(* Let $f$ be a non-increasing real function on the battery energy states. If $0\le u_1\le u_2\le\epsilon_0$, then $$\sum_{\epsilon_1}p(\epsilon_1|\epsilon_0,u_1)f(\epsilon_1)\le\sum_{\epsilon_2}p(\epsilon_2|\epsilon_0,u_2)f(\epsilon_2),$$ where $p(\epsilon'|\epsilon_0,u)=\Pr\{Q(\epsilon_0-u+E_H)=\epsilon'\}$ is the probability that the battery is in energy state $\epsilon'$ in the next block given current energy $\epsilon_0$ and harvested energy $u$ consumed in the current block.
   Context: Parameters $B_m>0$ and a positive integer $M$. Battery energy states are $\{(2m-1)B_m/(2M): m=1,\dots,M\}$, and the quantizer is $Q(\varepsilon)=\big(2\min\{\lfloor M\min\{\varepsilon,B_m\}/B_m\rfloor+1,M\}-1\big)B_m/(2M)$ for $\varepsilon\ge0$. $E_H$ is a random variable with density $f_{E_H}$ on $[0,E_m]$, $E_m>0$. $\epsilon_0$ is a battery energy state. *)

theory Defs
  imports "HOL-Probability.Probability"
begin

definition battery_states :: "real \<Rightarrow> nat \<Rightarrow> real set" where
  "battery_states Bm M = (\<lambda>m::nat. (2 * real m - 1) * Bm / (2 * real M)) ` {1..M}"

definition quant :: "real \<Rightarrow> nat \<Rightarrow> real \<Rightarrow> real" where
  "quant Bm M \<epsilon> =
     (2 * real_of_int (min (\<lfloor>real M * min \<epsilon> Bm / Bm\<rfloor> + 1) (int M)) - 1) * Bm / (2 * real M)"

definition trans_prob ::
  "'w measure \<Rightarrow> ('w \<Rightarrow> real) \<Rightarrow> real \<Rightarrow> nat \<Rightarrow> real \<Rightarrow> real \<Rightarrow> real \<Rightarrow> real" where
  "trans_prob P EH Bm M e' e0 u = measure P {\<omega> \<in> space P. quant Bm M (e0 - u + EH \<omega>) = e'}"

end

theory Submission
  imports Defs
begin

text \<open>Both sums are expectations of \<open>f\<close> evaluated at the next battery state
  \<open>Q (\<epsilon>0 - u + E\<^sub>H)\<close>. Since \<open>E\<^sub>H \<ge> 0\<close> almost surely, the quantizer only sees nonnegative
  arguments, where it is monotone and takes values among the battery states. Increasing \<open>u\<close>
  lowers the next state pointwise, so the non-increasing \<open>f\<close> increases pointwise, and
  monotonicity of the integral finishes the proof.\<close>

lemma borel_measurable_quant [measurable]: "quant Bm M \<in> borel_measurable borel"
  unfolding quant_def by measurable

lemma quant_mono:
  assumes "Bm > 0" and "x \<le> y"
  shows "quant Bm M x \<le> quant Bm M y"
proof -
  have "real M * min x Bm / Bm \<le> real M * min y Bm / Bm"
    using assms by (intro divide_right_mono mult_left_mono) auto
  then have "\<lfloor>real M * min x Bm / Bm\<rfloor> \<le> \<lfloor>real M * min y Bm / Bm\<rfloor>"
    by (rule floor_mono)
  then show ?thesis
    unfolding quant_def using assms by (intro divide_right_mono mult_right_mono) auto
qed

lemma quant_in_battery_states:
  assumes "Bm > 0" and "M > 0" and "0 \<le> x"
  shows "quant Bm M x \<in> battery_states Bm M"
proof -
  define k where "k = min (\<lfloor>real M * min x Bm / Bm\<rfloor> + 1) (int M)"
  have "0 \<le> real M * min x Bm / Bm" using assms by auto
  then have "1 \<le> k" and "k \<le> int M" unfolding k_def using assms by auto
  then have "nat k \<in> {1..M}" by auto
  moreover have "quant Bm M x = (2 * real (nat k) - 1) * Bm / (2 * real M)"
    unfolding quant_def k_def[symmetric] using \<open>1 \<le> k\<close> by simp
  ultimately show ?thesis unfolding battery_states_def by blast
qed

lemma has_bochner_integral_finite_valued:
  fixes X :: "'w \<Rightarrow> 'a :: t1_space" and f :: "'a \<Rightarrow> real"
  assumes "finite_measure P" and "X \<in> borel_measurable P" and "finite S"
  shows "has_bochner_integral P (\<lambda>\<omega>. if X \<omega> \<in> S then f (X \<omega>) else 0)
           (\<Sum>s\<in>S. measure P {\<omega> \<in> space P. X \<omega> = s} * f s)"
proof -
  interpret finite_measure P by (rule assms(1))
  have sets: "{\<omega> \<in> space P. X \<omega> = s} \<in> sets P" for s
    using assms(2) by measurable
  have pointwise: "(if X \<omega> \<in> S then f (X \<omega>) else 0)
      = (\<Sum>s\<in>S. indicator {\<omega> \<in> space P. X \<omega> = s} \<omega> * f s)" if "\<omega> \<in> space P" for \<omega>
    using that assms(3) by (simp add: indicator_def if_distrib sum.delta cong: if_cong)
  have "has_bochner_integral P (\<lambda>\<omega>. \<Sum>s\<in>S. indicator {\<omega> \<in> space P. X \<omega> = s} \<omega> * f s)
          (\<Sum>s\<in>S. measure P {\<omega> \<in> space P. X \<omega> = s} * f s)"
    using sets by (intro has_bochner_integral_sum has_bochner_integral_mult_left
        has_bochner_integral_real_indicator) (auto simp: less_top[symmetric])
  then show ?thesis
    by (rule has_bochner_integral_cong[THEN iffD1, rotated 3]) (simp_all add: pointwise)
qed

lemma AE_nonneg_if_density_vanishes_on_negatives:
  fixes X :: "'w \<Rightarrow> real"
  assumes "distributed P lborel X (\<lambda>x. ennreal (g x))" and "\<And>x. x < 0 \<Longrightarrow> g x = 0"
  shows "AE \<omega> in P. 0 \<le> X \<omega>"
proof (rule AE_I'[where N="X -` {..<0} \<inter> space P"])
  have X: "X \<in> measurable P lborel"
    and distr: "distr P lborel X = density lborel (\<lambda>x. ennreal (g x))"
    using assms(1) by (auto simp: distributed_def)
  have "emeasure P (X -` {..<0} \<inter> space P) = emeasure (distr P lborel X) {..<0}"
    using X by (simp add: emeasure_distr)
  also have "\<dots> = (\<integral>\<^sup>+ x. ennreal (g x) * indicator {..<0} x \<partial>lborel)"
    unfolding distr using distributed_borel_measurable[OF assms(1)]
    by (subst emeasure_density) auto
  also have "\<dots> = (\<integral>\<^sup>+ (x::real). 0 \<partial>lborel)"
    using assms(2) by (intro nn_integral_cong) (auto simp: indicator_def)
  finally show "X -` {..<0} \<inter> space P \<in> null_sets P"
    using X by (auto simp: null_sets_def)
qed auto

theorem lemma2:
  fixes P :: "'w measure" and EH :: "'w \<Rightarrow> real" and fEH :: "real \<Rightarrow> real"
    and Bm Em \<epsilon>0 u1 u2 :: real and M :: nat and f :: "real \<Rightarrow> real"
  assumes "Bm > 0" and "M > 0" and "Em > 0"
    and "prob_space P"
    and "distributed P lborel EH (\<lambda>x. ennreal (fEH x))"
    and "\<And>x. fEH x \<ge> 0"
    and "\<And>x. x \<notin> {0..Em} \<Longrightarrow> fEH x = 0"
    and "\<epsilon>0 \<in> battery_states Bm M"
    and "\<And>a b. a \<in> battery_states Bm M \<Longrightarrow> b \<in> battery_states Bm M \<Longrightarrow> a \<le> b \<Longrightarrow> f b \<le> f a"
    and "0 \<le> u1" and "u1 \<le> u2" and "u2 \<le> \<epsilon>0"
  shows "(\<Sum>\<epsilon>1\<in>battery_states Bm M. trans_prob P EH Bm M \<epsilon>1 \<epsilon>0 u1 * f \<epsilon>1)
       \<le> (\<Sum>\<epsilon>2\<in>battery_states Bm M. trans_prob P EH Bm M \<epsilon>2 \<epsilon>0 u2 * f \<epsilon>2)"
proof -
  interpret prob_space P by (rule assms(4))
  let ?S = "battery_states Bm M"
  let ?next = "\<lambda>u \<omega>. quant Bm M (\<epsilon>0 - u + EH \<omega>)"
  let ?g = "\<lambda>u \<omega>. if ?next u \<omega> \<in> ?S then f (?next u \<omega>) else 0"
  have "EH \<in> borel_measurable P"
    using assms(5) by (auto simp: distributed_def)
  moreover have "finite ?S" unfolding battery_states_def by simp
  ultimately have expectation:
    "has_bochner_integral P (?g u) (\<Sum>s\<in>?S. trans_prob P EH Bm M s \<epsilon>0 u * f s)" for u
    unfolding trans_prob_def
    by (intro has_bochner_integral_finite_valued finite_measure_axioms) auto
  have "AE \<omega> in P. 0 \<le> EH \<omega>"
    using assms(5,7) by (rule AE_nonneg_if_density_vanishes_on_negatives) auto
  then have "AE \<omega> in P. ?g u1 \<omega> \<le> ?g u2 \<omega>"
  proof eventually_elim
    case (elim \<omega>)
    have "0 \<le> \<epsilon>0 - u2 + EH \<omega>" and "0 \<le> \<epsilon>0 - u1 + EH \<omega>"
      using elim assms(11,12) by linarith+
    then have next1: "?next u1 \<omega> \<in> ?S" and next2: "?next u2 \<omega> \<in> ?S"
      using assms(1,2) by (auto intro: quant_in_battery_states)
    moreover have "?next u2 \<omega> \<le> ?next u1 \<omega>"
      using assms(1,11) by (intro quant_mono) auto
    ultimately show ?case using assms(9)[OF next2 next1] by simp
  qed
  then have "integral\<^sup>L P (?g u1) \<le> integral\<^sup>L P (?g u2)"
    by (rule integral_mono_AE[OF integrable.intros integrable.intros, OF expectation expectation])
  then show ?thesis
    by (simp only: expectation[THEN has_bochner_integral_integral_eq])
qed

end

+---+

**Task brief**
Look through the entries, and return every line that the word "also" appears in.

**Task output**
  also have "\<dots> = (\<integral>\<^sup>+ x. ennreal (g x) * indicator {..<0} x \<partial>lborel)"
  also have "\<dots> = (\<integral>\<^sup>+ (x::real). 0 \<partial>lborel)"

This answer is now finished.